- Exercise data -
text \<open>A finitely generated \<sigma>-algebra is atomic, so a conditional expectation
  with respect to it is determined by its integrals over the atoms.\<close>
lemma real_cond_exp_gen_sigma:
  fixes X h :: "'a \<Rightarrow> real"
  assumes "prob_space M" and fs: "finite fs"
    and meas: "\<And>f. f \<in> fs \<Longrightarrow> f \<in> measurable M (count_space UNIV)"
    and fin: "\<And>f. f \<in> fs \<Longrightarrow> finite (f ` space M)"
    and X: "integrable M X" and h: "integrable M h" "h \<in> borel_measurable (gen_sigma M fs)"
    and atoms: "\<And>\<omega>0. \<omega>0 \<in> space M \<Longrightarrow>
       (LINT \<omega>:gen_atom M fs \<omega>0|M. X \<omega>) = (LINT \<omega>:gen_atom M fs \<omega>0|M. h \<omega>)"
  shows "AE \<omega> in M. real_cond_exp M (gen_sigma M fs) X \<omega> = h \<omega>"
proof -
  interpret prob_space M by fact
  interpret finite_measure_subalgebra M "gen_sigma M fs"
    by unfold_locales (rule subalgebra_gen_sigma[OF meas])
  show ?thesis
  proof (rule real_cond_exp_charact)
    fix A assume A: "A \<in> sets (gen_sigma M fs)"
    then have "A \<subseteq> space M" using sets.sets_into_space by fastforce
    then have "(\<Sum>a\<in>gen_atom M fs ` A. LINT x:a|M. X x) = (\<Sum>a\<in>gen_atom M fs ` A. LINT x:a|M. h x)"
      using atoms by (intro sum.cong) auto
    then show "(LINT x:A|M. X x) = (LINT x:A|M. h x)"
      by (simp add: set_integral_gen_sigma_atoms[OF fs meas fin A] X h)
  qed (use X h in auto)
qed

section \<open>The randomized trial under the null hypothesis\<close>

lemma Nrisk_eq_card: "Nrisk n z w s = card {i\<in>{..<n}. s \<le> w i}"
  unfolding Nrisk_def Nrisk1_def Nrisk0_def
  by (subst card_Un_disjoint[symmetric]) (auto intro!: arg_cong[where f=card])

lemma card_Collect_lessThan_le: "card {i\<in>{..<n}. P i} \<le> n"
  by (rule order.trans[OF card_mono[of "{..<n}"]]) auto

lemma Nrisk_le: "Nrisk n z w s \<le> n"
  unfolding Nrisk_eq_card by (rule card_Collect_lessThan_le)

lemma Nrisk1_le: "Nrisk1 n z w s \<le> n"
  using Nrisk_le[of n z w s] unfolding Nrisk_def by linarith

lemma Dev_le: "Dev n w d s \<le> n"
  unfolding Dev_def by (rule card_Collect_lessThan_le)

lemma Dev1_le: "Dev1 n z w d s \<le> n"
  unfolding Dev1_def by (rule card_Collect_lessThan_le)

lemma tpt_strict_mono:
  assumes "q < k" "k \<le> Kdist n T0"
  shows "tpt n T0 q < tpt n T0 k"
proof (cases "q = 0")
  case True
  then show ?thesis using assms by (simp add: tpt_def)
next
  case False
  let ?L = "sorted_list_of_set (T0 ` {..<n})"
  have "length ?L = Kdist n T0" by (simp add: Kdist_def)
  then have "?L ! (q - 1) < ?L ! (k - 1)"
    using assms False by (intro sorted_wrt_nth_less[OF strict_sorted_list_of_set]) auto
  then show ?thesis using assms False by (simp add: tpt_def)
qed

locale null_censored_trial = prob_space M for M :: "'a measure" +
  fixes n :: nat and p1 :: real and T1 T0 :: "nat \<Rightarrow> real"
    and Z :: "nat \<Rightarrow> 'a \<Rightarrow> bool"
    and C1 C0 :: "nat \<Rightarrow> 'a \<Rightarrow> ereal"
    and W :: "'a \<Rightarrow> nat \<Rightarrow> ereal" and Del :: "'a \<Rightarrow> nat \<Rightarrow> bool"
  assumes H0: "\<And>i. i < n \<Longrightarrow> T1 i = T0 i"
    and Z_measurable: "\<And>i. i < n \<Longrightarrow> Z i \<in> measurable M (count_space UNIV)"
    and C_measurable: "\<And>i. i < n \<Longrightarrow> (\<lambda>\<omega>. (C1 i \<omega>, C0 i \<omega>)) \<in> borel_measurable M"
    and Z_indep: "indep_vars (\<lambda>_. count_space UNIV) Z {..<n}"
    and Z_bernoulli: "\<And>i. i < n \<Longrightarrow> prob {\<omega> \<in> space M. Z i \<omega>} = p1"
    and C_indep: "indep_vars (\<lambda>_. borel) (\<lambda>i \<omega>. (C1 i \<omega>, C0 i \<omega>)) {..<n}"
    and C_ident: "\<And>i. i < n \<Longrightarrow>
       distr M borel (\<lambda>\<omega>. (C1 i \<omega>, C0 i \<omega>)) = distr M borel (\<lambda>\<omega>. (C1 0 \<omega>, C0 0 \<omega>))"
    and Z_C_indep: "indep_set
       {(\<lambda>\<omega>. \<lambda>i\<in>{..<n}. Z i \<omega>) -` A \<inter> space M | A.
          A \<in> sets (Pi\<^sub>M {..<n} (\<lambda>_. count_space UNIV))}
       {(\<lambda>\<omega>. \<lambda>i\<in>{..<n}. (C1 i \<omega>, C0 i \<omega>)) -` B \<inter> space M | B.
          B \<in> sets (Pi\<^sub>M {..<n} (\<lambda>_. borel))}"
    and W_def: "W = (\<lambda>\<omega> i. min (ereal (if Z i \<omega> then T1 i else T0 i))
                              (if Z i \<omega> then C1 i \<omega> else C0 i \<omega>))"
    and Del_def: "Del = (\<lambda>\<omega> i. ereal (if Z i \<omega> then T1 i else T0 i)
                              \<le> (if Z i \<omega> then C1 i \<omega> else C0 i \<omega>))"
begin

abbreviation t :: "nat \<Rightarrow> ereal" where "t q \<equiv> tpt n T0 q"
abbreviation N1 :: "nat \<Rightarrow> 'a \<Rightarrow> nat" where "N1 k \<omega> \<equiv> Nrisk1 n (\<lambda>i. Z i \<omega>) (W \<omega>) (t k)"
abbreviation N :: "nat \<Rightarrow> 'a \<Rightarrow> nat" where "N k \<omega> \<equiv> Nrisk n (\<lambda>i. Z i \<omega>) (W \<omega>) (t k)"
abbreviation D1 :: "nat \<Rightarrow> 'a \<Rightarrow> nat" where "D1 k \<omega> \<equiv> Dev1 n (\<lambda>i. Z i \<omega>) (W \<omega>) (Del \<omega>) (t k)"
abbreviation D :: "nat \<Rightarrow> 'a \<Rightarrow> nat" where "D k \<omega> \<equiv> Dev n (W \<omega>) (Del \<omega>) (t k)"
abbreviation Mk :: "nat \<Rightarrow> 'a \<Rightarrow> real" where "Mk k \<omega> \<equiv> Mexp n (\<lambda>i. Z i \<omega>) (W \<omega>) (Del \<omega>) (t k)"

definition cens :: "nat \<Rightarrow> 'a \<Rightarrow> ereal \<times> ereal" where "cens i \<omega> = (C1 i \<omega>, C0 i \<omega>)"

definition cens_obs :: "nat \<Rightarrow> 'a \<Rightarrow> ereal" where
  "cens_obs i \<omega> = (if Z i \<omega> then C1 i \<omega> else C0 i \<omega>)"

lemma W_eq: "i < n \<Longrightarrow> W \<omega> i = min (ereal (T0 i)) (cens_obs i \<omega>)"
  unfolding W_def cens_obs_def using H0 by simp

lemma Del_eq: "i < n \<Longrightarrow> Del \<omega> i \<longleftrightarrow> ereal (T0 i) \<le> cens_obs i \<omega>"
  unfolding Del_def cens_obs_def using H0 by simp

lemma measurable_cens [measurable]: "i < n \<Longrightarrow> cens i \<in> borel_measurable M"
  unfolding cens_def by (rule C_measurable)

lemma measurable_W_Del:
  assumes [measurable]: "Z i \<in> measurable L (count_space UNIV)" "cens i \<in> borel_measurable L"
  shows "(\<lambda>\<omega>. W \<omega> i) \<in> borel_measurable L" "Measurable.pred L (\<lambda>\<omega>. Del \<omega> i)"
proof -
  have "(\<lambda>\<omega>. fst (cens i \<omega>)) \<in> borel_measurable L" "(\<lambda>\<omega>. snd (cens i \<omega>)) \<in> borel_measurable L"
    using continuous_on_fst[OF continuous_on_id] continuous_on_snd[OF continuous_on_id]
    by (auto intro!: measurable_compose[OF assms(2)] borel_measurable_continuous_onI)
  then have [measurable]: "C1 i \<in> borel_measurable L" "C0 i \<in> borel_measurable L"
    by (simp_all add: cens_def)
  show "(\<lambda>\<omega>. W \<omega> i) \<in> borel_measurable L" "Measurable.pred L (\<lambda>\<omega>. Del \<omega> i)"
    unfolding W_def Del_def by measurable
qed

lemmas measurable_W_Del_M [measurable] = measurable_W_Del[OF Z_measurable measurable_cens]
declare Z_measurable [measurable]

definition unit_events :: "nat \<Rightarrow> 'a set set" where
  "unit_events i = {Z i -` a \<inter> cens i -` b \<inter> space M | a b. b \<in> sets borel}"

lemma prob_Z_cens_split:
  assumes J: "J \<subseteq> {..<n}" "finite J" and b: "\<And>j. j \<in> J \<Longrightarrow> b j \<in> sets borel"
  shows "prob {\<omega>\<in>space M. \<forall>j\<in>J. Z j \<omega> \<in> a j \<and> cens j \<omega> \<in> b j}
       = prob {\<omega>\<in>space M. \<forall>j\<in>J. Z j \<omega> \<in> a j} * prob {\<omega>\<in>space M. \<forall>j\<in>J. cens j \<omega> \<in> b j}"
proof -
  let ?ZJ = "prod_emb {..<n} (\<lambda>_. count_space UNIV) J (PiE J a)"
  let ?CJ = "prod_emb {..<n} (\<lambda>_. borel) J (PiE J b)"
  have "?ZJ \<in> sets (Pi\<^sub>M {..<n} (\<lambda>_. count_space UNIV))"
    using J by (auto intro!: sets_PiM_I)
  moreover have "(\<lambda>\<omega>. \<lambda>i\<in>{..<n}. Z i \<omega>) -` ?ZJ \<inter> space M = {\<omega>\<in>space M. \<forall>j\<in>J. Z j \<omega> \<in> a j}"
    using J by (auto simp: prod_emb_def PiE_iff subset_iff)
  ultimately have Z_event: "{\<omega>\<in>space M. \<forall>j\<in>J. Z j \<omega> \<in> a j} \<in> {(\<lambda>\<omega>. \<lambda>i\<in>{..<n}. Z i \<omega>) -` A \<inter> space M | A.
      A \<in> sets (Pi\<^sub>M {..<n} (\<lambda>_. count_space UNIV))}"
    by blast
  have "?CJ \<in> sets (Pi\<^sub>M {..<n} (\<lambda>_. borel))"
    using J b by (auto intro!: sets_PiM_I)
  moreover have "(\<lambda>\<omega>. \<lambda>i\<in>{..<n}. (C1 i \<omega>, C0 i \<omega>)) -` ?CJ \<inter> space M = {\<omega>\<in>space M. \<forall>j\<in>J. cens j \<omega> \<in> b j}"
    using J by (auto simp: prod_emb_def PiE_iff cens_def subset_iff)
  ultimately have C_event: "{\<omega>\<in>space M. \<forall>j\<in>J. cens j \<omega> \<in> b j} \<in> {(\<lambda>\<omega>. \<lambda>i\<in>{..<n}. (C1 i \<omega>, C0 i \<omega>)) -` B \<inter> space M | B.
      B \<in> sets (Pi\<^sub>M {..<n} (\<lambda>_. borel))}"
    by blast
  have "{\<omega>\<in>space M. \<forall>j\<in>J. Z j \<omega> \<in> a j \<and> cens j \<omega> \<in> b j}
     = {\<omega>\<in>space M. \<forall>j\<in>J. Z j \<omega> \<in> a j} \<inter> {\<omega>\<in>space M. \<forall>j\<in>J. cens j \<omega> \<in> b j}" by blast
  then show ?thesis using indep_setD[OF Z_C_indep Z_event C_event] by simp
qed

lemma prob_Z_cens_prod:
  assumes J: "J \<subseteq> {..<n}" "finite J" and b: "\<And>j. j \<in> J \<Longrightarrow> b j \<in> sets borel"
  shows "prob {\<omega>\<in>space M. \<forall>j\<in>J. Z j \<omega> \<in> a j \<and> cens j \<omega> \<in> b j}
       = (\<Prod>j\<in>J. prob {\<omega>\<in>space M. Z j \<omega> \<in> a j} * prob {\<omega>\<in>space M. cens j \<omega> \<in> b j})"
proof (cases "J = {}")
  case True
  then show ?thesis by (simp add: prob_space)
next
  case False
  have "prob (\<Inter>j\<in>J. Z j -` a j \<inter> space M) = (\<Prod>j\<in>J. prob (Z j -` a j \<inter> space M))"
    using J False by (intro indep_varsD[OF Z_indep]) auto
  moreover have "prob (\<Inter>j\<in>J. cens j -` b j \<inter> space M) = (\<Prod>j\<in>J. prob (cens j -` b j \<inter> space M))"
    using J False b indep_varsD[OF C_indep, of J b] by (simp add: cens_def[abs_def])
  moreover have "(\<Inter>j\<in>J. Z j -` a j \<inter> space M) = {\<omega>\<in>space M. \<forall>j\<in>J. Z j \<omega> \<in> a j}"
    "(\<Inter>j\<in>J. cens j -` b j \<inter> space M) = {\<omega>\<in>space M. \<forall>j\<in>J. cens j \<omega> \<in> b j}"
    using False by auto
  ultimately show ?thesis
    using prob_Z_cens_split[OF J b] by (simp add: prod.distrib vimage_def Int_def conj_commute)
qed

lemma unit_events_subset_events: "i < n \<Longrightarrow> unit_events i \<subseteq> events"
proof
  fix x assume i: "i < n" and "x \<in> unit_events i"
  then obtain a b where b: "b \<in> sets borel" and "x = Z i -` a \<inter> cens i -` b \<inter> space M"
    unfolding unit_events_def mem_Collect_eq by (elim exE conjE)
  then have "x = (Z i -` a \<inter> space M) \<inter> (cens i -` b \<inter> space M)" by blast
  then show "x \<in> events"
    using measurable_sets[OF Z_measurable[OF i], of a] measurable_sets[OF measurable_cens[OF i] b] by auto
qed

- What is needed -
Only the lines from the one holding "n \<Longrightarrow> unit_events" to the end of the material are wanted, each transcribed exactly.

- Final answer -
lemma unit_events_subset_events: "i < n \<Longrightarrow> unit_events i \<subseteq> events"
proof
  fix x assume i: "i < n" and "x \<in> unit_events i"
  then obtain a b where b: "b \<in> sets borel" and "x = Z i -` a \<inter> cens i -` b \<inter> space M"
    unfolding unit_events_def mem_Collect_eq by (elim exE conjE)
  then have "x = (Z i -` a \<inter> space M) \<inter> (cens i -` b \<inter> space M)" by blast
  then show "x \<in> events"
    using measurable_sets[OF Z_measurable[OF i], of a] measurable_sets[OF measurable_cens[OF i] b] by auto
qed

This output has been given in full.